在确认了能从html中获取信息，并可以合成url后，就开始程序的编写。

2.编写爬虫程序

2.1 组合url

需要爬取的月份列表比较好获取

def get_month_set():
month_set = [‘201312’]
for year in [2014,2015,2016,2017,2018]:
for month in [‘01’,‘02’,‘03’,‘04’,‘05’,‘06’,
‘07’,‘08’,‘09’,‘10’,‘11’,‘12’]:
month_set.append(’%s%s’%(year,month))
month_set.extend([‘201901’,‘201902’,‘201903’])
return month_set
城市的列表相对较麻烦，不过可以在https://www.aqistudy.cn/historydata/中找到所有城市的信息。编写python程序，获取html，并从”*”中根据正则判断提取需要的城市名称，输出到文本中。

2.2 获取月均数据

同样以北京为例，北京月均数据的url为https://www.aqistudy.cn/historydata/monthdata.php?city=北京，按照获取城市列表的方法，先用requests获取html，再用beautifulsoup 找寻其中内容。

city = ‘北京’
url = ‘https://www.aqistudy.cn/historydata/monthdata.php?city=%s’%(city)
html = requests.get(url)
soup = BeautifulSoup(html.text)
td_lists=soup.find_all(‘td’)
可是最后得到的td_lists中没有有效值，打印出html中所有内容发现html中并没有我们想要的表格内容，有的只有一段function 内容中存在td信息，这里说明数据是以JavaScript动态输入到html中的，使用requests方法并不能获取到需要的完整的html。

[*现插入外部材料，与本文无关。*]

lemma variance_sum_list_words:
  fixes p u :: "nat \<Rightarrow> real"
  defines "q \<equiv> \<Sum>i<6. p i * u i"
  assumes total: "(\<Sum>i<6. p i) = 1"
  shows "(\<Sum>e\<in>words n. prod_list (map p e) * (sum_list (map u e) - n * q)\<^sup>2)
           = n * (\<Sum>i<6. p i * (u i - q)\<^sup>2)"
proof (induction n)
  case 0
  then show ?case by (simp add: words_0)
next
  case (Suc n)
  let ?P = "\<lambda>e. prod_list (map p e)" and ?D = "\<lambda>e. sum_list (map u e) - n * q"
  have mass: "(\<Sum>e\<in>words n. ?P e) = 1"
    using sum_prod_list_words[of p n] total by simp
  \<comment> \<open>The cross term vanishes because the centred letter statistic has mean zero.\<close>
  have centred: "(\<Sum>i<6. 2 * (p i * (u i - q))) = 0"
    using total
    by (simp add: q_def right_diff_distrib sum_subtractf sum_distrib_left[symmetric]
        sum_distrib_right[symmetric])
  have "(\<Sum>e\<in>words (Suc n). ?P e * (sum_list (map u e) - Suc n * q)\<^sup>2)
      = (\<Sum>i<6. \<Sum>e\<in>words n. p i * (u i - q)\<^sup>2 * ?P e + 2 * (p i * (u i - q)) * (?P e * ?D e)
                               + p i * (?P e * (?D e)\<^sup>2))"
    unfolding sum_words_Suc
    by (intro sum.cong refl) (simp add: power2_eq_square algebra_simps)
  also have "\<dots> = (\<Sum>i<6. p i * (u i - q)\<^sup>2) * (\<Sum>e\<in>words n. ?P e)
      + (\<Sum>i<6. 2 * (p i * (u i - q))) * (\<Sum>e\<in>words n. ?P e * ?D e)
      + (\<Sum>i<6. p i) * (\<Sum>e\<in>words n. ?P e * (?D e)\<^sup>2)"
    by (simp only: sum.distrib sum_product)
  also have "\<dots> = Suc n * (\<Sum>i<6. p i * (u i - q)\<^sup>2)"
    unfolding mass centred total Suc.IH by (simp add: algebra_simps)
  finally show ?case .
qed

lemma chebyshev_finite_sum:
  fixes P X :: "'a \<Rightarrow> real"
  assumes "finite E" "\<And>e. e \<in> E \<Longrightarrow> 0 \<le> P e" "0 < t"
  shows "(\<Sum>e\<in>{e\<in>E. t < \<bar>X e\<bar>}. P e) \<le> (\<Sum>e\<in>E. P e * (X e)\<^sup>2) / t\<^sup>2"
proof -
  have "(\<Sum>e\<in>{e\<in>E. t < \<bar>X e\<bar>}. P e) \<le> (\<Sum>e\<in>{e\<in>E. t < \<bar>X e\<bar>}. P e * (X e)\<^sup>2 / t\<^sup>2)"
  proof (rule sum_mono)
    fix e assume e: "e \<in> {e\<in>E. t < \<bar>X e\<bar>}"
    then have "\<bar>t\<bar> \<le> \<bar>X e\<bar>"
      using assms(3) by simp
    then have "t\<^sup>2 \<le> (X e)\<^sup>2"
      by (simp only: abs_le_square_iff)
    then show "P e \<le> P e * (X e)\<^sup>2 / t\<^sup>2"
      using e assms(2,3) by (simp add: le_divide_eq mult_left_mono)
  qed
  also have "\<dots> \<le> (\<Sum>e\<in>E. P e * (X e)\<^sup>2 / t\<^sup>2)"
    using assms by (intro sum_mono2) auto
  finally show ?thesis
    by (simp add: sum_divide_distrib)
qed

text \<open>\<open>rescaled_pos s e k\<close> is the position of \<open>s\<close> relative to the level-\<open>k\<close> ancestor of the
  edge \<open>e\<close>, rescaled so that this ancestor becomes \<open>[0,1]\<close>.\<close>

definition rescaled_pos :: "real \<Rightarrow> nat list \<Rightarrow> nat \<Rightarrow> real" where
  "rescaled_pos s e k = 4 ^ k * (s - edge_start (take k e))"

lemma quarter_cases: "quarter i \<in> {0, 1, 2, 3}"
  by (simp add: quarter_def)

lemma edge_start_take_Suc:
  assumes "k < length e"
  shows "edge_start (take (Suc k) e) = edge_start (take k e) + quarter (e ! k) / 4 ^ Suc k"
proof -
  have len: "length (take (Suc k) e) = Suc k" "length (take k e) = k"
    using assms by auto
  have "edge_start (take (Suc k) e) = (\<Sum>j<Suc k. quarter (take (Suc k) e ! j) / 4 ^ Suc j)"
    unfolding edge_start_def len ..
  also have "\<dots> = (\<Sum>j<k. quarter (take k e ! j) / 4 ^ Suc j) + quarter (e ! k) / 4 ^ Suc k"
    by (simp add: nth_take)
  also have "(\<Sum>j<k. quarter (take k e ! j) / 4 ^ Suc j) = edge_start (take k e)"
    unfolding edge_start_def len ..
  finally show ?thesis .
qed

lemma rescaled_pos_Suc:
  "k < length e \<Longrightarrow> rescaled_pos s e (Suc k) = 4 * rescaled_pos s e k - quarter (e ! k)"
  unfolding rescaled_pos_def by (simp add: edge_start_take_Suc algebra_simps)

lemma rescaled_pos_interior:
  assumes "length e = n" "0 < rescaled_pos s e n" "rescaled_pos s e n < 1" "k \<le> n"
  shows "0 < rescaled_pos s e k \<and> rescaled_pos s e k < 1"
  using assms(4)
proof (induction rule: inc_induct)
  case base
  then show ?case using assms(2,3) by simp
next
  case (step k)
  then have "rescaled_pos s e k = (quarter (e ! k) + rescaled_pos s e (Suc k)) / 4"
    using rescaled_pos_Suc[of k e s] assms(1) by simp
  then show ?case
    using step.IH quarter_cases[of "e ! k"] by auto
qed
(* Let $(n_k)_{k\ge0}$ be a strictly increasing sequence of positive integers such that $n_k$ divides $n_{k+1}$ for every $k\ge0$ and $\limsup_{k\to\infty}n_{k+1}/n_k=+\infty$. Then there exists a compact perfect subset $K$ of $\mathbb{T}$ containing the point $1$ such that $\lambda^{n_k}\to1$ uniformly on $K$.
   Context: $\mathbb{T}$ is the unit circle in $\mathbb{C}$. *)

theory Defs
  imports "HOL-Analysis.Analysis"
begin

end

theory Submission
  imports Defs
begin

(* Choose indices p_0, p_1, ... with n_{p_j + 1} >= 2^j n_{p_j}
   (possible since the ratios n_{k+1}/n_k are unbounded), put
   m_j = n_{p_j + 1} and w_j = e^{2 pi i/m_j}, and let K be the closure of the
   set of all finite products of distinct w_j.

   K lies in the unit circle, is compact, contains 1 (the empty product) and
   is perfect, because w_j -> 1 and w_j <> 1.  For the uniform convergence fix
   k: every w_j with p_j < k is an m_j-th root of unity with m_j | n_k, so
   w_j^{n_k} = 1; every other w_j satisfies |w_j^{n_k} - 1| <= 2 pi n_k/m_j
   <= 2 pi 2^{-j}.  Hence |z^{n_k} - 1| is bounded on finite products by a
   geometric tail, which tends to 0 as k grows, and the bound passes to the
   closure. *)

lemma norm_cis_minus_one_le: "norm (cis t - 1) \<le> \<bar>t\<bar>"
proof -
  have "(norm (cis t - 1))\<^sup>2 = (cos t - 1)\<^sup>2 + (sin t)\<^sup>2"
    by (simp add: cmod_power2)
  also have "\<dots> = 4 * (sin (t / 2))\<^sup>2"
    using cos_double_sin[of "t / 2"] sin_cos_squared_add[of t]
    by (simp add: power2_eq_square algebra_simps)
  also have "\<dots> \<le> t\<^sup>2"
    using power_mono[OF abs_sin_x_le_abs_x abs_ge_zero, of "t / 2" 2]
    by (simp add: power2_eq_square)
  finally show ?thesis
    by (metis abs_ge_zero power2_abs power2_le_imp_le)
qed

lemma cis_two_pi_div_power_eq_one:
  assumes "m dvd N"
  shows "cis (2 * pi / real m) ^ N = 1"
proof -
  obtain q where "N = m * q" using assms by blast
  then show ?thesis
  proof (cases "m = 0")
    case False
    then have "cis (2 * pi / real m) ^ m = 1" by (simp add: Complex.DeMoivre)
    then show ?thesis using \<open>N = m * q\<close> by (simp add: power_mult)
  qed simp
qed

lemma norm_cis_two_pi_div_power_minus_one_le:
  "norm (cis (2 * pi / real m) ^ N - 1) \<le> 2 * pi * real N / real m"
  using norm_cis_minus_one_le[of "real N * (2 * pi / real m)"]
  unfolding Complex.DeMoivre by (simp add: mult_ac)

lemma cis_two_pi_div_neq_one:
  assumes "2 \<le> m"
  shows "cis (2 * pi / real m) \<noteq> 1"
proof
  assume "cis (2 * pi / real m) = 1"
  moreover have "0 < 2 * pi / real m" "2 * pi / real m \<le> pi"
    using assms by (auto simp: field_simps)
  then have "2 * pi / real m \<in> {-pi<..pi}"
    using pi_gt_zero by auto
  ultimately have "2 * pi / real m = 0" using Arg_cis by fastforce
  with assms show False by simp
qed
(* Let $G=(V,\mathcal E,w)$ be an undirected, connected, weighted graph on $n$ nodes with Laplacian $L$, and let $b>0$. Consider the delay-free second-order consensus network with dynamics noise $$\dot x(t)=v(t),\qquad \dot v(t)=-L\,x(t)-bL\,v(t)+\xi(t),\qquad y(t)=M_nx(t),$$ where $\xi_1,\dots,\xi_n$ are mutually independent zero-mean Gaussian white noises with intensities $\sigma_1^2,\dots,\sigma_n^2$. Then for every agent $i$ the centrality index is $$\eta_i=\frac1{2b}\Big[(L^2)^{\dagger}\Big]_{ii}.$$
   Context: Notation: - $M_n=I_n-\frac1n\mathbf1\mathbf1^T$. - $X^\dagger$ is the Moore–Penrose pseudo-inverse. The performance is $\rho_{ss}=\lim_{t\to\infty}\mathbb E[y^Ty]$. Equivalently, it is the squared $\mathcal H_2$ norm of the transfer matrix from $\xi$ to $y$, with noise intensities included as $\mathrm{diag}(\sigma_1,\dots,\sigma_n)$. The centrality index of agent $i$ is $\eta_i=\partial\rho_{ss}/\partial\sigma_i^2$. *)

theory Defs
  imports "HOL-Analysis.Analysis"
begin

text \<open>Matrix power with respect to the matrix product (note: the library's ^ on vec is entrywise).\<close>
fun mpow :: "real^'n^'n \<Rightarrow> nat \<Rightarrow> real^'n^'n" where
  "mpow A 0 = mat 1"
| "mpow A (Suc k) = A ** mpow A k"

definition mexp :: "real^'n^'n \<Rightarrow> real^'n^'n" where
  "mexp A = (\<Sum>k. (1 / fact k) *\<^sub>R mpow A k)"

definition pinv :: "real^'n^'m \<Rightarrow> real^'m^'n" where
  "pinv X = (THE Y. X ** Y ** X = X \<and> Y ** X ** Y = Y \<and>
                   transpose (X ** Y) = X ** Y \<and> transpose (Y ** X) = Y ** X)"

definition diag_mat :: "real^'n \<Rightarrow> real^'n^'n" where
  "diag_mat s = (\<chi> i j. if i = j then s $ i else 0)"

definition centering :: "real^'n^'n" where
  "centering = (\<chi> i j. (if i = j then 1 else 0) - 1 / real CARD('n))"

definition weighted_undirected_graph :: "('n \<Rightarrow> 'n \<Rightarrow> real) \<Rightarrow> bool" where
  "weighted_undirected_graph w \<longleftrightarrow>
     (\<forall>i j. w i j = w j i) \<and> (\<forall>i j. 0 \<le> w i j) \<and> (\<forall>i. w i i = 0)"

definition graph_connected :: "('n \<Rightarrow> 'n \<Rightarrow> real) \<Rightarrow> bool" where
  "graph_connected w \<longleftrightarrow> (\<forall>i j. (\<lambda>a c. 0 < w a c)\<^sup>*\<^sup>* i j)"

definition laplacian :: "('n::finite \<Rightarrow> 'n \<Rightarrow> real) \<Rightarrow> real^'n^'n" where
  "laplacian w = (\<chi> i j. if i = j then (\<Sum>k\<in>UNIV. w i k) else - w i j)"

section \<open>Second-order consensus network, state (x, v) indexed by 'n + 'n (Inl = x, Inr = v)\<close>

definition so_A :: "real \<Rightarrow> real^'n^'n \<Rightarrow> real^('n + 'n)^('n + 'n)" where
  "so_A b L = (\<chi> r c. case (r, c) of
      (Inl i, Inl j) \<Rightarrow> 0
    | (Inl i, Inr j) \<Rightarrow> (if i = j then 1 else 0)
    | (Inr i, Inl j) \<Rightarrow> - (L $ i $ j)
    | (Inr i, Inr j) \<Rightarrow> - b * (L $ i $ j))"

function showTable(items) {
items.forEach(function(item) {
// $('.table tbody').append(` // <tr> // <td align="center"><a href="daydata.php?city=$ {city}&month= ${item.time_point}">$ {item.time_point}
// ${item.aqi}</td> // <td align="center">$ {item.min_aqi}~${item.max_aqi}
// ${item.quality}</span></td> // <td align="center">$ {item.pm2_5}
// ${item.pm10}</td> // <td align="center">$ {item.so2}
// ${item.co}</td> // <td align="center">$ {item.no2}
// ${item.o3}
// `);
这里我找了一些方法，最后选择通过使用selenium.webdriver的方法来访问服务器获取完整的html。
selenium.webdriver简单的理解就是利用浏览器原生的API，封装成一套更加面向对象的SeleniumWebDriverAPI，直接操作浏览器页面里的元素，甚至操作浏览器本身。
这里我选用chrome浏览器，可以从http://chromedriver.chromium.org/上根据本机chrome版本下载对应的chromedriver。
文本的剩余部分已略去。